Dry Tortugas Light
🇺🇸Florida Keys

Dry Tortugas Light – A Barely Visible Beacon Over Loggerhead Key

If you want to take your social distancing to the ultimate extreme while remaining in mainland USA, then Loggerhead Key is for you. The impossibly flat islet rests three miles west of Fort Jefferson, itself 68 miles from Key West. I was standing atop the ramparts of Fort Jefferson when I snapped this pic. As you can see, Loggerhead is nearly invisible from just a few miles away. At the same time, though, Loggerhead Key is also the largest of the Dry Tortugas islands. These factors, plus its precarious location in the middle of Gulf of Mexico shipping lanes, made Loggerhead the perfect spot for one of the USA’s most important lighthouses – Dry Tortugas Light.

The lighthouse, also known as Loggerhead Lighthouse, towers 157 feet into the sky. They originally flipped on the light back in 1858. It wasn’t until 1988, though, that the lighthouse became automated. Caretakers living here over the intervening 130 years would’ve had little worry over seeing too many other souls, much less contracting any prevailing maladies.

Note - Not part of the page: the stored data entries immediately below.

(* Let $s<1$, $r\le0$ and $N\gg1$. The multipliers $\sigma_\pm(\xi_1,\xi_2)$ defined below satisfy, with implicit constants independent of $N$: (1) if $|\xi_1|\gg|\xi_2|$, then $|\sigma_\pm(\xi_1,\xi_2)-m_{1-s,N}(\xi_1)^2|\lesssim \frac{|\xi_2|^2}{|\xi_1|^2}+\frac{1}{|\xi_1|}$; (2) if $|\xi_1|\sim|\xi_2|$, then $|\sigma_\pm(\xi_1,\xi_2)|\lesssim 1$.
   Context: For $q\ge0$ and $N\gg1$, $m_{q,N}\in C^\infty(\mathbb{R}^2)$ is a radial function, non-increasing in $|\xi|$, with $m_{q,N}(\xi)=1$ for $|\xi|<N$ and $m_{q,N}(\xi)=(N/|\xi|)^q$ for $|\xi|>2N$. Write $\xi_{12}=\xi_1+\xi_2$, $m_{1-s,j}=m_{1-s,N}(\xi_j)$, $m_{-r,12}=m_{-r,N}(\xi_{12})$. Define \[ \sigma^Z_\pm(\xi_1,\xi_2):=\frac{|\xi_1|^2m_{1-s,1}^2-|\xi_2|^2m_{1-s,2}^2\pm|\xi_{12}|m_{-r,12}^2}{|\xi_1|^2-|\xi_2|^2\pm|\xi_{12}|},\qquad \sigma^S(\xi_1,\xi_2):=\frac{|\xi_1|^2m_{1-s,1}^2-|\xi_2|^2m_{1-s,2}^2}{|\xi_1|^2-|\xi_2|^2}, \] and $\sigma_\pm(\xi_1,\xi_2):=\sigma^Z_\pm(\xi_1,\xi_2)$ if $\big||\xi_1|^2-|\xi_2|^2\big|>2|\xi_{12}|$, and $\sigma_\pm(\xi_1,\xi_2):=\sigma^S(\xi_1,\xi_2)$ if $\big||\xi_1|^2-|\xi_2|^2\big|\le2|\xi_{12}|$ (with $\sigma^S$ extended by continuity where $|\xi_1|=|\xi_2|$). The variables $\xi_1,\xi_2$ range over $\mathbb{R}^2$ or over the lattice $\gamma_1^{-1}\mathbb{Z}\times\gamma_2^{-1}\mathbb{Z}$. "$A\gg B$" means $A\ge CB$ for a sufficiently large absolute constant $C$; "$A\sim B$" means $C^{-1}B\le A\le CB$. *)

theory Defs
  imports "HOL-Analysis.Analysis"
begin

definition smooth_real :: "(real \<Rightarrow> real) \<Rightarrow> bool" where
  "smooth_real f \<longleftrightarrow> (\<forall>k x. ((deriv ^^ k) f) differentiable (at x))"

text \<open>Radial profile rho of the multiplier m_{q,N}(xi) = rho(|xi|/N):
  smooth, non-increasing, equal to 1 below 1 and to t^(-q) above 2.\<close>
definition admissible_profile :: "real \<Rightarrow> (real \<Rightarrow> real) \<Rightarrow> bool" where
  "admissible_profile q \<rho> \<longleftrightarrow>
     smooth_real \<rho> \<and>
     (\<forall>x y. x \<le> y \<longrightarrow> \<rho> y \<le> \<rho> x) \<and>
     (\<forall>t. t < 1 \<longrightarrow> \<rho> t = 1) \<and>
     (\<forall>t. t > 2 \<longrightarrow> \<rho> t = t powr (- q))"

definition mult :: "(real \<Rightarrow> real) \<Rightarrow> real \<Rightarrow> real^2 \<Rightarrow> real" where
  "mult \<rho> N \<xi> = \<rho> (norm \<xi> / N)"

text \<open>sigma^Z_pm, pm = 1 or -1; rho1 is the profile of m_{1-s,N}, rho2 that of m_{-r,N}.\<close>
definition sigmaZ :: "(real \<Rightarrow> real) \<Rightarrow> (real \<Rightarrow> real) \<Rightarrow> real \<Rightarrow> real \<Rightarrow> real^2 \<Rightarrow> real^2 \<Rightarrow> real" where
  "sigmaZ \<rho>1 \<rho>2 N pm \<xi>1 \<xi>2 =
     (norm \<xi>1 ^ 2 * (mult \<rho>1 N \<xi>1)\<^sup>2 - norm \<xi>2 ^ 2 * (mult \<rho>1 N \<xi>2)\<^sup>2
        + pm * norm (\<xi>1 + \<xi>2) * (mult \<rho>2 N (\<xi>1 + \<xi>2))\<^sup>2)
     / (norm \<xi>1 ^ 2 - norm \<xi>2 ^ 2 + pm * norm (\<xi>1 + \<xi>2))"

text \<open>sigma^S, extended by continuity on |xi1| = |xi2|: there it is the derivative
  of u \<mapsto> u * m(sqrt u)^2 at u = |xi1|^2 (the limit of the difference quotient).\<close>
definition sigmaS :: "(real \<Rightarrow> real) \<Rightarrow> real \<Rightarrow> real^2 \<Rightarrow> real^2 \<Rightarrow> real" where
  "sigmaS \<rho>1 N \<xi>1 \<xi>2 =
     (if norm \<xi>1 = norm \<xi>2
      then deriv (\<lambda>u. u * (\<rho>1 (sqrt u / N))\<^sup>2) (norm \<xi>1 ^ 2)
      else (norm \<xi>1 ^ 2 * (mult \<rho>1 N \<xi>1)\<^sup>2 - norm \<xi>2 ^ 2 * (mult \<rho>1 N \<xi>2)\<^sup>2)
           / (norm \<xi>1 ^ 2 - norm \<xi>2 ^ 2))"

definition sigma :: "(real \<Rightarrow> real) \<Rightarrow> (real \<Rightarrow> real) \<Rightarrow> real \<Rightarrow> real \<Rightarrow> real^2 \<Rightarrow> real^2 \<Rightarrow> real" where
  "sigma \<rho>1 \<rho>2 N pm \<xi>1 \<xi>2 =
     (if \<bar>norm \<xi>1 ^ 2 - norm \<xi>2 ^ 2\<bar> > 2 * norm (\<xi>1 + \<xi>2)
      then sigmaZ \<rho>1 \<rho>2 N pm \<xi>1 \<xi>2 else sigmaS \<rho>1 N \<xi>1 \<xi>2)"

end

theory Submission
  imports Defs
begin

(* Writing F_N(u) = u * rho(sqrt u / N)^2, we have |xi|^2 m(xi)^2 = F_N(|xi|^2), so sigma^S is a
   difference quotient (on |xi1| = |xi2| a derivative) of F_N. Its derivative
   rho(t)^2 + rho(t) * t rho'(t), t = sqrt u / N, is bounded independently of N, since rho' is
   continuous on [0, 2] and t rho'(t) = -q t^(-q) for t > 2; by the mean value theorem sigma^S is
   bounded. Off the resonant region the term +-|xi12| m_{-r}(xi12)^2 is less than half the denominator
   of sigma^Z, so sigma^Z is bounded too. If |xi1| >= 2|xi2|, then sigma^Z - m(xi1)^2 has numerator
   |xi2|^2 (m(xi1)^2 - m(xi2)^2) +- |xi12| (m(xi12)^2 - m(xi1)^2) = O(|xi2|^2 + |xi1|) over a
   denominator of size |xi1|^2, while in the resonant region |xi1| <= 4 and the bounded sigma^S is
   absorbed by 1/|xi1|. *)

definition energy_symbol :: "(real \<Rightarrow> real) \<Rightarrow> real \<Rightarrow> real \<Rightarrow> real" where
  "energy_symbol \<rho> N = (\<lambda>u. u * (\<rho> (sqrt u / N))\<^sup>2)"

Dry Tortugas Light was decommissioned in 2015. No one lives on Loggerhead Key now. You’re welcome to visit, though, and explore a bit of the islet’s history and sandy natural surrounds. There are a few rules to follow, though…

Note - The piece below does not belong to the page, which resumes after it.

(* Let $x=(x_1,\dots,x_n)$ and $y=(y_1,\dots,y_n)$ be indeterminates, and let $\phi:\mathbb{R}(y)\to\mathbb{R}(x)$ and $\psi:\mathbb{R}(x)\to\mathbb{R}(y)$ be mutually inverse $\mathbb{R}$-algebra isomorphisms of rational function fields (an invertible rational change of variables, $\phi(y_j)=\phi_j(x)$, $\psi(x_i)=\psi_i(y)$). For an integer matrix $A\in M_{r\times n}(\mathbb{Z})$ and $\lambda\in\mathbb{T}^r$, write $(\lambda\star f)(x)=f(\lambda^A*x)$ for $f\in\mathbb{R}(x)$. Say $A$ is dimensionally consistent with $\phi$ if for every $j$ there is $\beta_j\in\mathbb{Z}^r$ with $\lambda\star\phi(y_j)=\lambda^{\beta_j}\phi(y_j)$ for all $\lambda\in\mathbb{T}^r$; define analogously, for $B\in M_{r'\times n}(\mathbb{Z})$ acting on $\mathbb{R}(y)$ by $(\mu\bullet g)(y)=g(\mu^B*y)$, when $B$ is dimensionally consistent with $\psi$ (each $\psi(x_i)$ is scaled by a monomial character of $\mu$). Then: (1) The maximum of $\operatorname{rank}A$ over all integer matrices $A$ (with $n$ columns) dimensionally consistent with $\phi$ equals the maximum of $\operatorname{rank}B$ over all integer matrices $B$ dimensionally consistent with $\psi$. (2) Let $F_1,\dots,F_s\in\mathbb{R}(x)$ and $H_l=\psi(F_l)\in\mathbb{R}(y)$. Then the maximum of $\operatorname{rank}A$ over all $A$ dimensionally consistent with $\phi$ and fixing every $F_l$ (i.e. $\lambda\star F_l=F_l$ for all $\lambda,l$) equals the maximum of $\operatorname{rank}B$ over all $B$ dimensionally consistent with $\psi$ and fixing every $H_l$. Consequently (Theorem on changes of variables): if two ODE systems are linked by an invertible rational change of variables, the maximal scaling symmetry of each system that also makes the change of variables dimensionally consistent has the same rank for both systems.
   Context: $\mathbb{T}^r$ is the group $(\mathbb{R}\setminus\{0\})^r$ under componentwise multiplication. For $a\in\mathbb{Z}^r$, $\lambda^a=\prod_k\lambda_k^{a_k}$; for a matrix $A$ with columns $A_1,\dots,A_n$, $\lambda^A=(\lambda^{A_1},\dots,\lambda^{A_n})$ and $\lambda^A*x=(\lambda^{A_1}x_1,\dots,\lambda^{A_n}x_n)$. The rank of a scaling matrix is the dimension of the scaling action. For an ODE system written as $\frac{dz}{dt}=\frac{z*F(t,z,c)}{t}$ with all quantities (time, dependent variables, parameters) listed as $x_1,\dots,x_n$, a scaling matrix is a scaling symmetry exactly when it fixes the rational functions $F_l$; the second system is obtained by rewriting the $F_l$ in the new quantities, i.e. as $H_l=\psi(F_l)$. *)

theory Defs
  imports "HOL-Analysis.Analysis" "HOL-Library.Poly_Mapping" "HOL-Computational_Algebra.Fraction_Field"
begin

Visiting Dry Tortugas Light + Loggerhead Key

First: You’ll need your own private vessel. Public transportation to/from Loggerhead Key is just not an option.

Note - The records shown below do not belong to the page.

section \<open>Totally real fields\<close>

lemma totally_real_min_poly_splits:
  assumes "q \<noteq> 0" and "rpoly q \<beta> = 0" and "totally_real \<beta>"
  defines "n \<equiv> degree (min_poly \<beta>)"
  obtains r where "inj_on r {..<n}" and "conjs \<beta> = (\<lambda>k. complex_of_real (r k)) ` {..<n}"
    and "\<And>x. rpoly (min_poly \<beta>) x = (\<Prod>k<n. x - r k)"
proof -
  define mc where "mc = map_poly (of_rat :: rat \<Rightarrow> complex) (min_poly \<beta>)"
  have "lead_coeff (min_poly \<beta>) = 1" and "irreducible (min_poly \<beta>)"
    using min_poly_spec[OF assms(1,2)] by auto
  then have mc: "mc \<noteq> 0" "lead_coeff mc = 1" "degree mc = n" "rsquarefree mc"
    unfolding mc_def n_def by (auto intro: irreducible_rsquarefree)
  obtain as where as: "mc = (\<Prod>a\<leftarrow>as. [:- a, 1:])" "length as = n"
    using fundamental_theorem_algebra_factorized[of mc] mc by auto
  have roots: "{z. poly mc z = 0} = set as"
    unfolding as poly_prod_list prod_list_zero_iff by auto
  then have "distinct as"
    using rsquarefree_card_degree[OF mc(1)] mc(3,4) as(2) by (simp add: card_distinct)
  have conjs: "conjs \<beta> = set as"
    unfolding conjs_def cpoly_def roots[unfolded mc_def, symmetric] ..
  define r where "r k = Re (as ! k)" for k
  have as_r: "as ! k = complex_of_real (r k)" if "k < n" for k
  proof -
    have "as ! k \<in> \<real>"
      using that assms(3) as(2) conjs unfolding totally_real_def by auto
    then show ?thesis unfolding r_def by (auto elim: Reals_cases)
  qed
  show ?thesis
  proof
    show "inj_on r {..<n}"
    proof (rule inj_onI)
      fix i j assume "i \<in> {..<n}" "j \<in> {..<n}" "r i = r j"
      then have "as ! i = as ! j" and "i < length as" "j < length as"
        using as(2) as_r by auto
      then show "i = j"
        using \<open>distinct as\<close> by (simp add: nth_eq_iff_index_eq)
    qed
    have "set as = (\<lambda>k. as ! k) ` {..<n}"
      using as(2) by (auto simp: set_conv_nth)
    also have "\<dots> = (\<lambda>k. complex_of_real (r k)) ` {..<n}"
      by (rule image_cong) (simp_all add: as_r)
    finally show "conjs \<beta> = (\<lambda>k. complex_of_real (r k)) ` {..<n}"
      unfolding conjs .
    fix x
    have "complex_of_real (rpoly (min_poly \<beta>) x) = poly mc (complex_of_real x)"
      unfolding mc_def cpoly_of_real[symmetric] cpoly_def ..
    also have "\<dots> = (\<Prod>k<n. complex_of_real x - as ! k)"
      unfolding as(1) prod.list_conv_set_nth by (simp add: as(2) lessThan_atLeast0 poly_prod)
    also have "\<dots> = complex_of_real (\<Prod>k<n. x - r k)"
      by (simp add: as_r)
    finally show "rpoly (min_poly \<beta>) x = (\<Prod>k<n. x - r k)"
      by (simp only: of_real_eq_iff)
  qed
qed

lemma Qadj_iff: "x \<in> Qadj \<beta> \<longleftrightarrow> (\<exists>q. x = rpoly q \<beta>)"
  unfolding Qadj_def by auto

Second: You have to stop at Garden Key/Fort Jefferson to get a permit before proceeding to Loggerhead.

Third: It is strictly forbidden to drop anchor anywhere in the Dry Tortugas Research Natural Area. Mooring balls are available, though.

Fourth: You must stick to marked paths on Loggerhead Key. The lighthouse and all other structures are off-limits. 

Lastly, you have to leave before sundown as visitation is restricted to daylight hours.